WORK ITEM →
The answer must consist of every line below that contains the word "plane".

(Stored data entries)
(* Let $P_1=(X_1,Y_1)\neq(0,0)$ be a rational point of the plane with $Y_1\neq 0$, let $O=(0,0)$, and put $N=X_1^2+Y_1^2$. A point $P=(X,Y)$ of the plane is a rational point lying on the perpendicular bisector of the segment $OP_1$ and at rational distance from $O$ (equivalently, $P$ is the apex of a triangle in $\mathcal R$) if and only if there exist $t\in\mathbb{Q}$ with $t^2N\neq 4$ and a sign $\varepsilon\in\{+1,-1\}$ such that $$X=\frac{X_1}{2}+\varepsilon\,\frac{t^2X_1N-4tN+4X_1}{2(t^2N-4)},\qquad Y=\frac{Y_1}{2}+\varepsilon\,\frac{X_1\bigl(4tN-t^2X_1N-4X_1\bigr)}{2Y_1(t^2N-4)} .$$ In that case $|OP|=|PP_1|=|R|$, where $$R=\frac{(tN-2X_1)^2+4Y_1^2}{2t^2Y_1N-8Y_1}.$$
   Context: A rational point of the plane is a point with rational coordinates; a rational triangle is one whose three side lengths are rational. For a fixed rational point $P_1\neq O$, $\mathcal R$ denotes the set of rational isosceles triangles $\triangle OPP_1$ with base $OP_1$, with $P$ a rational point and $|OP|=|PP_1|$; such a triangle is determined by its apex $P$, which lies on the perpendicular bisector $y=-\frac{X_1}{Y_1}x+\frac{X_1^2+Y_1^2}{2Y_1}$ of $OP_1$. *)

theory Defs
  imports Complex_Main
begin

end

theory Submission
  imports Defs
begin

text \<open>Write a point of the perpendicular bisector of \<open>OP\<^sub>1\<close> as \<open>(X\<^sub>1/2 + a, Y\<^sub>1/2 - X\<^sub>1 a/Y\<^sub>1)\<close>.
  Its squared distance to \<open>O\<close> and to \<open>P\<^sub>1\<close> is \<open>N(Y\<^sub>1\<^sup>2 + u\<^sup>2)/(4Y\<^sub>1\<^sup>2)\<close> with \<open>u = 2a\<close>, so
  for rational \<open>a\<close> the distance is rational exactly when \<open>(u, w)\<close> is a rational point of
  the conic \<open>w\<^sup>2 = N(Y\<^sub>1\<^sup>2 + u\<^sup>2)\<close>. This conic has the rational point \<open>(X\<^sub>1, N)\<close>, and
  the chords through it with rational slope \<open>tN/2\<close> cut out all its other rational points;
  this gives the stated parametrisation, the sign \<open>\<epsilon>\<close> accounting for the symmetry
  \<open>u \<mapsto> -u\<close>.\<close>

definition bisector_shift :: "real \<Rightarrow> real \<Rightarrow> real \<Rightarrow> real" where
  "bisector_shift X1 N t = (t^2 * X1 * N - 4 * t * N + 4 * X1) / (2 * (t^2 * N - 4))"

definition apex_radius :: "real \<Rightarrow> real \<Rightarrow> real \<Rightarrow> real \<Rightarrow> real" where
  "apex_radius X1 Y1 N t = ((t * N - 2 * X1)^2 + 4 * Y1^2) / (2 * t^2 * Y1 * N - 8 * Y1)"

lemma perpendicular_bisector_eq:
  fixes X1 Y1 X Y :: real
  assumes "Y1 \<noteq> 0"
  shows "Y = - (X1 / Y1) * X + (X1^2 + Y1^2) / (2 * Y1) \<longleftrightarrow> Y = Y1 / 2 - X1 * (X - X1 / 2) / Y1"
proof -
  have "2 * Y1 * (- (X1 / Y1) * X + (X1^2 + Y1^2) / (2 * Y1)) = X1^2 + Y1^2 - 2 * X1 * X"
    using assms by (simp add: field_simps)
  then have "Y = - (X1 / Y1) * X + (X1^2 + Y1^2) / (2 * Y1) \<longleftrightarrow> 2 * Y1 * Y = X1^2 + Y1^2 - 2 * X1 * X"
    using assms by (metis mult_cancel_left mult_eq_0_iff zero_neq_numeral)
  also have "\<dots> \<longleftrightarrow> Y = Y1 / 2 - X1 * (X - X1 / 2) / Y1"
    using assms by (auto simp: field_simps power2_eq_square)
  finally show ?thesis .
qed

lemma bisector_point_dist_sq:
  fixes X1 Y1 X Y a :: real
  assumes "Y1 \<noteq> 0" "X = X1 / 2 + a" "Y = Y1 / 2 - X1 * a / Y1"
  shows "X^2 + Y^2 = (X1^2 + Y1^2) * (Y1^2 + 4 * a^2) / (4 * Y1^2)"
    and "(X - X1)^2 + (Y - Y1)^2 = (X1^2 + Y1^2) * (Y1^2 + 4 * a^2) / (4 * Y1^2)"
  using assms by (simp_all add: field_simps power2_eq_square, algebra+)

lemma bisector_shift_conic_identity:
  fixes X1 Y1 N t :: real
  assumes "N = X1^2 + Y1^2"
  shows "N * (Y1^2 * (t^2 * N - 4)^2 + (t^2 * X1 * N - 4 * t * N + 4 * X1)^2)
           = ((t * N - 2 * X1)^2 + 4 * Y1^2)^2"
  unfolding assms by algebra

lemma dist_sq_bisector_shift:
  fixes X1 Y1 N t \<epsilon> :: real
  assumes "Y1 \<noteq> 0" "N = X1^2 + Y1^2" "t^2 * N \<noteq> 4" "\<epsilon>^2 = 1"
  shows "N * (Y1^2 + 4 * (\<epsilon> * bisector_shift X1 N t)^2) / (4 * Y1^2) = (apex_radius X1 Y1 N t)^2"
proof -
  define D where "D = t^2 * N - 4"
  define A where "A = t^2 * X1 * N - 4 * t * N + 4 * X1"
  have "D \<noteq> 0" using assms(3) by (simp add: D_def)
  have "N * (Y1^2 + 4 * (\<epsilon> * bisector_shift X1 N t)^2) / (4 * Y1^2)
          = N * (Y1^2 * D^2 + A^2) / (4 * Y1^2 * D^2)"
    using \<open>D \<noteq> 0\<close> assms(1,4)
    by (simp add: bisector_shift_def flip: A_def D_def) (simp add: field_simps power_mult_distrib)
  also have "\<dots> = ((t * N - 2 * X1)^2 + 4 * Y1^2)^2 / (2 * Y1 * D)^2"
    using bisector_shift_conic_identity[OF assms(2), of t]
    by (simp add: A_def D_def power_mult_distrib)
  also have "\<dots> = (apex_radius X1 Y1 N t)^2"
    by (simp add: apex_radius_def D_def power_divide algebra_simps)
  finally show ?thesis .
qed

lemma bisector_shift_of_root:
  fixes X1 Y1 N a t :: real
  assumes "Y1 \<noteq> 0" "N = X1^2 + Y1^2"
    and root: "N * (2 * a - X1) * t^2 + 4 * N * t - 8 * a - 4 * X1 = 0"
  shows "t^2 * N \<noteq> 4" and "a = bisector_shift X1 N t"
proof -
  have "N > 0"
    using assms(1,2) by (simp add: add_nonneg_pos)
  show "t^2 * N \<noteq> 4"
  proof
    assume "t^2 * N = 4"
    moreover have "N * (2 * a - X1) * t^2 = (2 * a - X1) * (t^2 * N)"
      by (simp add: algebra_simps)
    ultimately have "4 * N * t = 8 * X1" using root by simp
    then have "t = 2 * X1 / N" using \<open>N > 0\<close> by (simp add: field_simps)
    with \<open>t^2 * N = 4\<close> \<open>N > 0\<close> have "X1^2 = N" by (simp add: field_simps power2_eq_square)
    with assms(1,2) show False by simp
  qed
  then show "a = bisector_shift X1 N t"
    using root unfolding bisector_shift_def by (simp add: field_simps)
qed

lemma rational_chord_parameter:
  fixes X1 Y1 N a r :: real
  assumes "X1 \<in> \<rat>" "Y1 \<in> \<rat>" "a \<in> \<rat>" "r \<in> \<rat>" "Y1 \<noteq> 0" "N = X1^2 + Y1^2"
    and conic: "4 * Y1^2 * r^2 = N * (Y1^2 + 4 * a^2)"
  obtains t where "t \<in> \<rat>" "N * (2 * a - X1) * t^2 + 4 * N * t - 8 * a - 4 * X1 = 0"
proof (cases "2 * a = X1")
  case True
  have "N > 0"
    using assms(5,6) by (simp add: add_nonneg_pos)
  have "N * (2 * a - X1) = 0" "4 * N * (2 * X1 / N) = 8 * X1"
    using True \<open>N > 0\<close> by simp_all
  moreover have "2 * X1 / N \<in> \<rat>"
    using assms(1,2,6) by simp
  ultimately show ?thesis
    using True by (intro that[of "2 * X1 / N"]) simp_all
next
  case False
  define q where "q = N * (2 * a - X1)"
  have "q \<noteq> 0"
    using False assms(5,6) by (simp add: q_def add_nonneg_pos)
  \<comment> \<open>\<open>tN/2\<close> is the slope of the chord from \<open>(X\<^sub>1, N)\<close> to \<open>(2a, 2Y\<^sub>1r)\<close> on the conic\<close>
  define t where "t = (4 * Y1 * r - 2 * N) / q"
  have qt: "q * t = 4 * Y1 * r - 2 * N"
    using \<open>q \<noteq> 0\<close> by (simp add: t_def)
  have "q * (q * t^2 + 4 * N * t - 8 * a - 4 * X1) = (q * t)^2 + 4 * N * (q * t) - (8 * a + 4 * X1) * q"
    by algebra
  also have "\<dots> = 0"
    unfolding qt unfolding q_def using conic assms(6) by algebra
  finally have "q * t^2 + 4 * N * t - 8 * a - 4 * X1 = 0"
    using \<open>q \<noteq> 0\<close> by simp
  moreover have "t \<in> \<rat>"
    using assms(1-4,6) by (simp add: t_def q_def)
  ultimately show ?thesis
    using that q_def by blast
qed

lemma bisector_apex_dist:
  fixes X1 Y1 N X Y t \<epsilon> :: real
  assumes "Y1 \<noteq> 0" "N = X1^2 + Y1^2" "t^2 * N \<noteq> 4" "\<epsilon> \<in> {1, -1}"
    and X: "X = X1 / 2 + \<epsilon> * bisector_shift X1 N t" and Y: "Y = Y1 / 2 - X1 * (X - X1 / 2) / Y1"
  shows "sqrt (X^2 + Y^2) = \<bar>apex_radius X1 Y1 N t\<bar>"
    and "sqrt ((X - X1)^2 + (Y - Y1)^2) = \<bar>apex_radius X1 Y1 N t\<bar>"
proof -
  have "\<epsilon>^2 = 1"
    using assms(4) by auto
  note dist_sq = bisector_point_dist_sq[OF assms(1) X, of Y]
  have "Y = Y1 / 2 - X1 * (\<epsilon> * bisector_shift X1 N t) / Y1"
    using X Y by simp
  then show "sqrt (X^2 + Y^2) = \<bar>apex_radius X1 Y1 N t\<bar>"
    and "sqrt ((X - X1)^2 + (Y - Y1)^2) = \<bar>apex_radius X1 Y1 N t\<bar>"
    using dist_sq dist_sq_bisector_shift[OF assms(1-3) \<open>\<epsilon>^2 = 1\<close>] assms(2)
    by (simp_all add: real_sqrt_abs)
qed

lemma bisector_apex_rational_iff:
  fixes X1 Y1 N X Y :: real
  assumes "X1 \<in> \<rat>" "Y1 \<in> \<rat>" "Y1 \<noteq> 0" "N = X1^2 + Y1^2"
  shows "(X \<in> \<rat> \<and> Y \<in> \<rat> \<and> Y = Y1 / 2 - X1 * (X - X1 / 2) / Y1 \<and> sqrt (X^2 + Y^2) \<in> \<rat>)
    \<longleftrightarrow> (\<exists>t \<in> \<rat>. \<exists>\<epsilon> \<in> {1, -1}. t^2 * N \<noteq> 4
          \<and> X = X1 / 2 + \<epsilon> * bisector_shift X1 N t \<and> Y = Y1 / 2 - X1 * (X - X1 / 2) / Y1)"
proof
  assume H: "X \<in> \<rat> \<and> Y \<in> \<rat> \<and> Y = Y1 / 2 - X1 * (X - X1 / 2) / Y1 \<and> sqrt (X^2 + Y^2) \<in> \<rat>"
  define a where "a = X - X1 / 2"
  define r where "r = sqrt (X^2 + Y^2)"
  have "X = X1 / 2 + a" "Y = Y1 / 2 - X1 * a / Y1"
    using H by (simp_all add: a_def)
  then have "4 * Y1^2 * r^2 = N * (Y1^2 + 4 * a^2)"
    using bisector_point_dist_sq(1) assms(3,4) by (simp add: r_def)
  moreover have "a \<in> \<rat>"
    using H assms(1) by (simp add: a_def)
  moreover have "r \<in> \<rat>"
    unfolding r_def using H by blast
  ultimately obtain t where "t \<in> \<rat>" and root: "N * (2 * a - X1) * t^2 + 4 * N * t - 8 * a - 4 * X1 = 0"
    using rational_chord_parameter assms by metis
  with bisector_shift_of_root[OF assms(3,4) root] H show "\<exists>t \<in> \<rat>. \<exists>\<epsilon> \<in> {1, -1}. t^2 * N \<noteq> 4
          \<and> X = X1 / 2 + \<epsilon> * bisector_shift X1 N t \<and> Y = Y1 / 2 - X1 * (X - X1 / 2) / Y1"
    by (auto simp: a_def)
next
  assume "\<exists>t \<in> \<rat>. \<exists>\<epsilon> \<in> {1, -1}. t^2 * N \<noteq> 4
          \<and> X = X1 / 2 + \<epsilon> * bisector_shift X1 N t \<and> Y = Y1 / 2 - X1 * (X - X1 / 2) / Y1"
  then obtain t \<epsilon> where "t \<in> \<rat>" "\<epsilon> \<in> {1, -1}" "t^2 * N \<noteq> 4"
    and X: "X = X1 / 2 + \<epsilon> * bisector_shift X1 N t" and Y: "Y = Y1 / 2 - X1 * (X - X1 / 2) / Y1"
    by blast
  have "N \<in> \<rat>" "\<epsilon> \<in> \<rat>"
    using assms(1,2,4) \<open>\<epsilon> \<in> {1, -1}\<close> by auto
  then have "X \<in> \<rat>" "Y \<in> \<rat>" "apex_radius X1 Y1 N t \<in> \<rat>"
    using X Y assms(1,2) \<open>t \<in> \<rat>\<close> by (simp_all add: bisector_shift_def apex_radius_def)
  then show "X \<in> \<rat> \<and> Y \<in> \<rat> \<and> Y = Y1 / 2 - X1 * (X - X1 / 2) / Y1 \<and> sqrt (X^2 + Y^2) \<in> \<rat>"
    using bisector_apex_dist(1)[OF assms(3,4) \<open>t^2 * N \<noteq> 4\<close> \<open>\<epsilon> \<in> {1, -1}\<close> X Y] Y by simp
qed

lemma apex_formulas_eq:
  fixes X1 Y1 N X Y t \<epsilon> :: real
  assumes "Y1 \<noteq> 0" "t^2 * N \<noteq> 4"
  shows "(X = X1 / 2 + \<epsilon> * (t^2 * X1 * N - 4 * t * N + 4 * X1) / (2 * (t^2 * N - 4))
          \<and> Y = Y1 / 2 + \<epsilon> * (X1 * (4 * t * N - t^2 * X1 * N - 4 * X1)) / (2 * Y1 * (t^2 * N - 4)))
    \<longleftrightarrow> (X = X1 / 2 + \<epsilon> * bisector_shift X1 N t \<and> Y = Y1 / 2 - X1 * (X - X1 / 2) / Y1)"
proof -
  have "t^2 * N - 4 \<noteq> 0"
    using assms(2) by simp
  then have "\<epsilon> * (X1 * (4 * t * N - t^2 * X1 * N - 4 * X1)) / (2 * Y1 * (t^2 * N - 4))
      = - X1 * (\<epsilon> * bisector_shift X1 N t) / Y1"
    using assms(1) by (simp add: bisector_shift_def field_simps)
  then show ?thesis
    by (auto simp: bisector_shift_def)
qed

theorem proposition1:
  fixes X1 Y1 X Y N :: real
  assumes "X1 \<in> \<rat>" and "Y1 \<in> \<rat>" and "(X1, Y1) \<noteq> (0, 0)" and "Y1 \<noteq> 0"
    and N_def: "N = X1^2 + Y1^2"
  shows "((X \<in> \<rat> \<and> Y \<in> \<rat> \<and> Y = - (X1 / Y1) * X + N / (2 * Y1)
            \<and> sqrt (X^2 + Y^2) \<in> \<rat>)
         \<longleftrightarrow> (\<exists>t \<in> \<rat>. \<exists>\<epsilon> \<in> {1, -1::real}. t^2 * N \<noteq> 4
              \<and> X = X1 / 2 + \<epsilon> * (t^2 * X1 * N - 4 * t * N + 4 * X1) / (2 * (t^2 * N - 4))
              \<and> Y = Y1 / 2 + \<epsilon> * (X1 * (4 * t * N - t^2 * X1 * N - 4 * X1)) / (2 * Y1 * (t^2 * N - 4))))
    \<and> (\<forall>t \<in> \<rat>. \<forall>\<epsilon> \<in> {1, -1::real}. t^2 * N \<noteq> 4
              \<and> X = X1 / 2 + \<epsilon> * (t^2 * X1 * N - 4 * t * N + 4 * X1) / (2 * (t^2 * N - 4))
              \<and> Y = Y1 / 2 + \<epsilon> * (X1 * (4 * t * N - t^2 * X1 * N - 4 * X1)) / (2 * Y1 * (t^2 * N - 4))
            \<longrightarrow> sqrt (X^2 + Y^2) = \<bar>((t * N - 2 * X1)^2 + 4 * Y1^2) / (2 * t^2 * Y1 * N - 8 * Y1)\<bar>
              \<and> sqrt ((X - X1)^2 + (Y - Y1)^2) = \<bar>((t * N - 2 * X1)^2 + 4 * Y1^2) / (2 * t^2 * Y1 * N - 8 * Y1)\<bar>)"
proof -
  note formulas = apex_formulas_eq[OF \<open>Y1 \<noteq> 0\<close>]
  have line: "Y = - (X1 / Y1) * X + N / (2 * Y1) \<longleftrightarrow> Y = Y1 / 2 - X1 * (X - X1 / 2) / Y1"
    using perpendicular_bisector_eq[OF \<open>Y1 \<noteq> 0\<close>] N_def by simp
  have "(X \<in> \<rat> \<and> Y \<in> \<rat> \<and> Y = - (X1 / Y1) * X + N / (2 * Y1) \<and> sqrt (X^2 + Y^2) \<in> \<rat>)
    \<longleftrightarrow> (\<exists>t \<in> \<rat>. \<exists>\<epsilon> \<in> {1, -1}. t^2 * N \<noteq> 4
          \<and> X = X1 / 2 + \<epsilon> * bisector_shift X1 N t \<and> Y = Y1 / 2 - X1 * (X - X1 / 2) / Y1)"
    unfolding line by (rule bisector_apex_rational_iff[OF assms(1,2,4) N_def])
  also have "\<dots> \<longleftrightarrow> (\<exists>t \<in> \<rat>. \<exists>\<epsilon> \<in> {1, -1::real}. t^2 * N \<noteq> 4
              \<and> X = X1 / 2 + \<epsilon> * (t^2 * X1 * N - 4 * t * N + 4 * X1) / (2 * (t^2 * N - 4))
              \<and> Y = Y1 / 2 + \<epsilon> * (X1 * (4 * t * N - t^2 * X1 * N - 4 * X1)) / (2 * Y1 * (t^2 * N - 4)))"
    by (intro bex_cong refl conj_cong[OF refl]) (metis formulas)
  moreover have "sqrt (X^2 + Y^2) = \<bar>apex_radius X1 Y1 N t\<bar>
      \<and> sqrt ((X - X1)^2 + (Y - Y1)^2) = \<bar>apex_radius X1 Y1 N t\<bar>"
    if "\<epsilon> \<in> {1, -1}" "t^2 * N \<noteq> 4"
      and "X = X1 / 2 + \<epsilon> * (t^2 * X1 * N - 4 * t * N + 4 * X1) / (2 * (t^2 * N - 4))"
      and "Y = Y1 / 2 + \<epsilon> * (X1 * (4 * t * N - t^2 * X1 * N - 4 * X1)) / (2 * Y1 * (t^2 * N - 4))"
    for t \<epsilon> :: real
  proof -
    have "X = X1 / 2 + \<epsilon> * bisector_shift X1 N t \<and> Y = Y1 / 2 - X1 * (X - X1 / 2) / Y1"
      by (rule iffD1[OF formulas[OF that(2)]], intro conjI that(3,4))
    then show ?thesis
      by (intro conjI bisector_apex_dist[OF \<open>Y1 \<noteq> 0\<close> N_def that(2,1)]) simp_all
  qed
  ultimately show ?thesis
    unfolding apex_radius_def by (intro conjI) blast+
qed

end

OUTPUT →
(* Let $P_1=(X_1,Y_1)\neq(0,0)$ be a rational point of the plane with $Y_1\neq 0$, let $O=(0,0)$, and put $N=X_1^2+Y_1^2$. A point $P=(X,Y)$ of the plane is a rational point lying on the perpendicular bisector of the segment $OP_1$ and at rational distance from $O$ (equivalently, $P$ is the apex of a triangle in $\mathcal R$) if and only if there exist $t\in\mathbb{Q}$ with $t^2N\neq 4$ and a sign $\varepsilon\in\{+1,-1\}$ such that $$X=\frac{X_1}{2}+\varepsilon\,\frac{t^2X_1N-4tN+4X_1}{2(t^2N-4)},\qquad Y=\frac{Y_1}{2}+\varepsilon\,\frac{X_1\bigl(4tN-t^2X_1N-4X_1\bigr)}{2Y_1(t^2N-4)} .$$ In that case $|OP|=|PP_1|=|R|$, where $$R=\frac{(tN-2X_1)^2+4Y_1^2}{2t^2Y_1N-8Y_1}.$$
   Context: A rational point of the plane is a point with rational coordinates; a rational triangle is one whose three side lengths are rational. For a fixed rational point $P_1\neq O$, $\mathcal R$ denotes the set of rational isosceles triangles $\triangle OPP_1$ with base $OP_1$, with $P$ a rational point and $|OP|=|PP_1|$; such a triangle is determined by its apex $P$, which lies on the perpendicular bisector $y=-\frac{X_1}{Y_1}x+\frac{X_1^2+Y_1^2}{2Y_1}$ of $OP_1$. *)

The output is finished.